Return every line from the records below in which the word "Hoelder" is found.

-=-=-=-=-

(* Let $\varrho=\sum_{\omega\in\Omega}\varrho(\omega)|\omega\rangle\langle\omega|$ and $\sigma=\sum_{\omega\in\Omega}\sigma(\omega)|\omega\rangle\langle\omega|$ be unequal commuting density operators, diagonal in a common orthonormal basis $(|\omega\rangle)_{\omega\in\Omega}$ of a finite-dimensional Hilbert space. Assume there is a subset $\Omega_0\subseteq\Omega$, with $\Omega_1:=\Omega\setminus\Omega_0$, such that $\sigma(\Omega_0)\varrho(\omega)=\varrho(\Omega_0)\sigma(\omega)$ for $\omega\in\Omega_0$ and $\sigma(\Omega_1)\varrho(\omega)=\varrho(\Omega_1)\sigma(\omega)$ for $\omega\in\Omega_1$, and $\varrho(\Omega_k)\neq0$, $\sigma(\Omega_k)\ne0$ for $k=0,1$. Then \[ \overline{D}_\alpha^{\mathrm{test}}(\varrho\|\sigma)<\hat D_\alpha^{\mathrm{test}}(\varrho\|\sigma)=D_\alpha(\varrho\|\sigma),\qquad \alpha\in(0,1). \] In particular, this holds for any two unequal commuting qubit states with full support.
   Context: $\varrho(\Omega_0):=\sum_{\omega\in\Omega_0}\varrho(\omega)$, etc. For probability vectors $p,q$ and $\alpha\in(0,1)$, $D_\alpha(p\|q)=\frac{1}{\alpha-1}\log\sum_\omega p(\omega)^\alpha q(\omega)^{1-\alpha}$; for commuting states $D_\alpha(\varrho\|\sigma)$ is the classical divergence of the eigenvalue vectors. A test is an operator $0\le T\le I$; $\mathcal T(X):=(\operatorname{Tr}XT,\operatorname{Tr}X(I-T))$. $D_\alpha^{\mathrm{test}}(\varrho\|\sigma):=\max_{0\le T\le I}D_\alpha(\mathcal T(\varrho)\|\mathcal T(\sigma))$, $\overline{D}_\alpha^{\mathrm{test}}(\varrho\|\sigma):=\limsup_{n\to\infty}\frac1n D_\alpha^{\mathrm{test}}(\varrho^{\otimes n}\|\sigma^{\otimes n})$, and $\hat D_\alpha^{\mathrm{test}}(\varrho\|\sigma):=\sup_{n\in\mathbb N}\frac1n D_\alpha^{\mathrm{test}}(\varrho^{\otimes n}\|\sigma^{\otimes n})$. *)

theory Defs
  imports "HOL-Analysis.Analysis" "HOL-Library.Liminf_Limsup"
begin

text \<open>Operators on the finite-dimensional Hilbert space with orthonormal basis indexed by a
finite carrier set I are represented by their matrices  'i => 'i => complex.\<close>

definition quad_form :: "'i set \<Rightarrow> ('i \<Rightarrow> 'i \<Rightarrow> complex) \<Rightarrow> ('i \<Rightarrow> complex) \<Rightarrow> complex" where
  "quad_form I A v = (\<Sum>i\<in>I. \<Sum>j\<in>I. cnj (v i) * A i j * v j)"

text \<open>A test: an operator 0 <= T <= I (Loewner order, via the quadratic form).\<close>
definition is_test :: "'i set \<Rightarrow> ('i \<Rightarrow> 'i \<Rightarrow> complex) \<Rightarrow> bool" where
  "is_test I T \<longleftrightarrow> (\<forall>v. quad_form I T v \<in> \<real> \<and> 0 \<le> Re (quad_form I T v)
        \<and> Re (quad_form I T v) \<le> (\<Sum>i\<in>I. (cmod (v i))\<^sup>2))"

definition trace_prod :: "'i set \<Rightarrow> ('i \<Rightarrow> 'i \<Rightarrow> complex) \<Rightarrow> ('i \<Rightarrow> 'i \<Rightarrow> complex) \<Rightarrow> complex" where
  "trace_prod I X T = (\<Sum>i\<in>I. \<Sum>j\<in>I. X i j * T j i)"

definition id_op :: "'i \<Rightarrow> 'i \<Rightarrow> complex" where
  "id_op i j = (if i = j then 1 else 0)"

definition test_meas :: "'i set \<Rightarrow> ('i \<Rightarrow> 'i \<Rightarrow> complex) \<Rightarrow> ('i \<Rightarrow> 'i \<Rightarrow> complex) \<Rightarrow> real \<times> real" where
  "test_meas I T X = (Re (trace_prod I X T), Re (trace_prod I X (\<lambda>i j. id_op i j - T i j)))"

definition renyi :: "'w set \<Rightarrow> real \<Rightarrow> ('w \<Rightarrow> real) \<Rightarrow> ('w \<Rightarrow> real) \<Rightarrow> real" where
  "renyi W \<alpha> p q = 1 / (\<alpha> - 1) * ln (\<Sum>w\<in>W. p w powr \<alpha> * q w powr (1 - \<alpha>))"

definition renyi_pair :: "real \<Rightarrow> real \<times> real \<Rightarrow> real \<times> real \<Rightarrow> real" where
  "renyi_pair \<alpha> p q = renyi (UNIV :: bool set) \<alpha>
      (\<lambda>b. if b then fst p else snd p) (\<lambda>b. if b then fst q else snd q)"

definition D_test :: "'i set \<Rightarrow> real \<Rightarrow> ('i \<Rightarrow> 'i \<Rightarrow> complex) \<Rightarrow> ('i \<Rightarrow> 'i \<Rightarrow> complex) \<Rightarrow> real" where
  "D_test I \<alpha> X Y = (SUP T\<in>{T. is_test I T}. renyi_pair \<alpha> (test_meas I T X) (test_meas I T Y))"

text \<open>Diagonal operator with given diagonal, and the n-fold tensor power of an operator on
the space with basis indexed by the type 'a (basis of the tensor power: lists of length n).\<close>
definition diag_op :: "('a \<Rightarrow> real) \<Rightarrow> 'a \<Rightarrow> 'a \<Rightarrow> complex" where
  "diag_op p i j = (if i = j then complex_of_real (p i) else 0)"

definition tensor_pow :: "('a \<Rightarrow> 'a \<Rightarrow> complex) \<Rightarrow> nat \<Rightarrow> 'a list \<Rightarrow> 'a list \<Rightarrow> complex" where
  "tensor_pow A n xs ys = (\<Prod>i<n. A (xs ! i) (ys ! i))"

definition words :: "nat \<Rightarrow> 'a list set" where
  "words n = {xs. length xs = n}"

definition D_test_n :: "real \<Rightarrow> ('a \<Rightarrow> real) \<Rightarrow> ('a \<Rightarrow> real) \<Rightarrow> nat \<Rightarrow> real" where
  "D_test_n \<alpha> p q n = D_test (words n) \<alpha> (tensor_pow (diag_op p) n) (tensor_pow (diag_op q) n)"

definition prob_vec :: "('a::finite \<Rightarrow> real) \<Rightarrow> bool" where
  "prob_vec p \<longleftrightarrow> (\<forall>w. 0 \<le> p w) \<and> (\<Sum>w\<in>UNIV. p w) = 1"

end

(*
  For diagonal states a test acts only through its diagonal u, 0 <= u <= 1, and the measured
  Renyi quantity is ln (test_affinity u) / (alpha - 1).  Hoelder's inequality gives
  test_affinity u >= Z^n with Z = sum_w rho(w)^alpha sigma(w)^(1-alpha), so n D_alpha bounds the
  n-copy test divergence; for n = 1 the projection onto Omega0 attains it, since rho and sigma
  differ only through their block masses a and b.

  For the strict inequality write both product measures as a Chernoff-tilted product measure
  times exp((1-alpha) L) resp. exp(-alpha L), where the log-likelihood ratio L of a word is
  affine, with nonzero slope, in the number k of its letters from Omega0.  Under the tilted
  measure k concentrates at n s, yet the windows of k around n (s - delta), n s and
  n (s + delta) each still carry mass exp(-O(delta^2 n)).  Each window is half-filled by one
  outcome of the test, so some outcome is heavy on two windows at distance n delta, where L
  differs by order delta n; the resulting gap in Hoelder's inequality is exp(Theta(delta n)),
  which wins for small delta.  Hence test_affinity >= Z^n exp(kappa n) eventually, and the
  limsup stays below D_alpha.
*)
theory Submission
  imports Defs
begin

section \<open>Words and product weights\<close>

definition word_weight :: "('a \<Rightarrow> real) \<Rightarrow> 'a list \<Rightarrow> real" where
  "word_weight f xs = prod_list (map f xs)"

definition hits :: "'a set \<Rightarrow> 'a list \<Rightarrow> nat" where
  "hits A xs = length (filter (\<lambda>x. x \<in> A) xs)"

lemma word_weight_Nil [simp]: "word_weight f [] = 1"
  by (simp add: word_weight_def)

lemma word_weight_Cons [simp]: "word_weight f (x # xs) = f x * word_weight f xs"
  by (simp add: word_weight_def)

lemma word_weight_nonneg: "(\<And>x. 0 \<le> f x) \<Longrightarrow> 0 \<le> word_weight f xs"
  by (induction xs) auto

lemma word_weight_conv_nth: "word_weight f xs = (\<Prod>i<length xs. f (xs ! i))"
  by (induction xs) (simp_all add: prod.lessThan_Suc_shift del: prod.lessThan_Suc)

lemma hits_Nil [simp]: "hits A [] = 0"
  by (simp add: hits_def)

lemma hits_Cons [simp]: "hits A (x # xs) = (if x \<in> A then Suc (hits A xs) else hits A xs)"
  by (simp add: hits_def)

lemma hits_le_length: "hits A xs \<le> length xs"
  by (simp add: hits_def)

lemma real_hits_conv_sum_list: "real (hits A xs) = (\<Sum>x\<leftarrow>xs. indicator A x)"
  by (induction xs) simp_all

lemma finite_words: "finite (words n :: 'a::finite list set)"
proof -
  have "words n = {xs. set xs \<subseteq> (UNIV :: 'a set) \<and> length xs = n}"
    by (auto simp: words_def)
  then show ?thesis
    using finite_lists_length_eq[of "UNIV :: 'a set" n] by simp
qed

lemma words_0: "words 0 = {[]}"
  by (auto simp: words_def)

lemma length_of_words: "xs \<in> words n \<Longrightarrow> length xs = n"
  by (simp add: words_def)

lemma sum_words_Suc:
  fixes f :: "'a::finite list \<Rightarrow> 'b::comm_monoid_add"
  shows "(\<Sum>xs\<in>words (Suc n). f xs) = (\<Sum>x\<in>UNIV. \<Sum>xs\<in>words n. f (x # xs))"
proof -
  have image: "words (Suc n) = (\<lambda>(x, xs). x # xs) ` (UNIV \<times> words n)"
    by (auto simp: words_def length_Suc_conv image_iff)
  have "inj_on (\<lambda>(x, xs). x # xs) (UNIV \<times> words n)"
    by (auto simp: inj_on_def)
  then have "(\<Sum>xs\<in>words (Suc n). f xs) = (\<Sum>(x, xs)\<in>UNIV \<times> words n. f (x # xs))"
    unfolding image by (subst sum.reindex) (simp_all add: comp_def case_prod_beta')
  then show ?thesis
    by (simp add: sum.cartesian_product)
qed

lemma sum_words_word_weight: "(\<Sum>xs\<in>words n. word_weight f xs) = (\<Sum>x\<in>UNIV. f x) ^ n"
  for f :: "'a::finite \<Rightarrow> real"
proof (induction n)
  case (Suc n)
  then show ?case
    by (simp add: sum_words_Suc sum_distrib_right flip: sum_distrib_left)
qed (simp add: words_0)

section \<open>Concentration of additive functionals of i.i.d. letters\<close>

context
  fixes \<nu> h :: "'a::finite \<Rightarrow> real" and \<mu> :: real
  assumes \<nu>_sum: "(\<Sum>x\<in>UNIV. \<nu> x) = 1" and \<mu>_def: "\<mu> = (\<Sum>x\<in>UNIV. \<nu> x * h x)"
begin

lemma sum_words_centered:
  "(\<Sum>xs\<in>words n. word_weight \<nu> xs * ((\<Sum>x\<leftarrow>xs. h x) - real (length xs) * \<mu>)) = 0"
proof (induction n)
  case (Suc n)
  have "(\<Sum>x\<in>UNIV. \<nu> x * (h x - \<mu>)) = 0"
    using \<nu>_sum by (simp add: \<mu>_def algebra_simps sum_subtractf flip: sum_distrib_right)
  moreover have "word_weight \<nu> (x # xs) * ((\<Sum>x\<leftarrow>x # xs. h x) - real (length (x # xs)) * \<mu>)
      = \<nu> x * (h x - \<mu>) * word_weight \<nu> xs
        + \<nu> x * (word_weight \<nu> xs * ((\<Sum>x\<leftarrow>xs. h x) - real (length xs) * \<mu>))" for x xs
    by (simp add: algebra_simps)
  ultimately show ?case
    using Suc \<nu>_sum
    by (simp add: sum_words_Suc sum.distrib sum_words_word_weight flip: sum_distrib_left sum_distrib_right)
qed (simp add: words_0)

lemma sum_words_centered_square:
  "(\<Sum>xs\<in>words n. word_weight \<nu> xs * ((\<Sum>x\<leftarrow>xs. h x) - real (length xs) * \<mu>)\<^sup>2)
     = real n * (\<Sum>x\<in>UNIV. \<nu> x * (h x - \<mu>)\<^sup>2)"
proof (induction n)
  case (Suc n)
  have expand: "word_weight \<nu> (x # xs) * ((\<Sum>x\<leftarrow>x # xs. h x) - real (length (x # xs)) * \<mu>)\<^sup>2
      = \<nu> x * (h x - \<mu>)\<^sup>2 * word_weight \<nu> xs
        + 2 * (\<nu> x * (h x - \<mu>)) * (word_weight \<nu> xs * ((\<Sum>x\<leftarrow>xs. h x) - real (length xs) * \<mu>))
        + \<nu> x * (word_weight \<nu> xs * ((\<Sum>x\<leftarrow>xs. h x) - real (length xs) * \<mu>)\<^sup>2)" for x xs
    by (simp add: power2_eq_square algebra_simps)
  have "(\<Sum>xs\<in>words (Suc n). word_weight \<nu> xs * ((\<Sum>x\<leftarrow>xs. h x) - real (length xs) * \<mu>)\<^sup>2)
      = (\<Sum>x\<in>UNIV. \<nu> x * (h x - \<mu>)\<^sup>2 * (\<Sum>xs\<in>words n. word_weight \<nu> xs))
        + (\<Sum>x\<in>UNIV. 2 * (\<nu> x * (h x - \<mu>))
            * (\<Sum>xs\<in>words n. word_weight \<nu> xs * ((\<Sum>x\<leftarrow>xs. h x) - real (length xs) * \<mu>)))
        + (\<Sum>x\<in>UNIV. \<nu> x
            * (\<Sum>xs\<in>words n. word_weight \<nu> xs * ((\<Sum>x\<leftarrow>xs. h x) - real (length xs) * \<mu>)\<^sup>2))"
    unfolding sum_words_Suc expand by (simp add: sum.distrib flip: sum_distrib_left)
  then show ?case
    using Suc \<nu>_sum
    by (simp add: sum_words_word_weight sum_words_centered distrib_right flip: sum_distrib_right)
qed (simp add: words_0)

-=-=-=-=-

> Answer space
  Renyi quantity is ln (test_affinity u) / (alpha - 1).  Hoelder's inequality gives
  differs by order delta n; the resulting gap in Hoelder's inequality is exp(Theta(delta n)),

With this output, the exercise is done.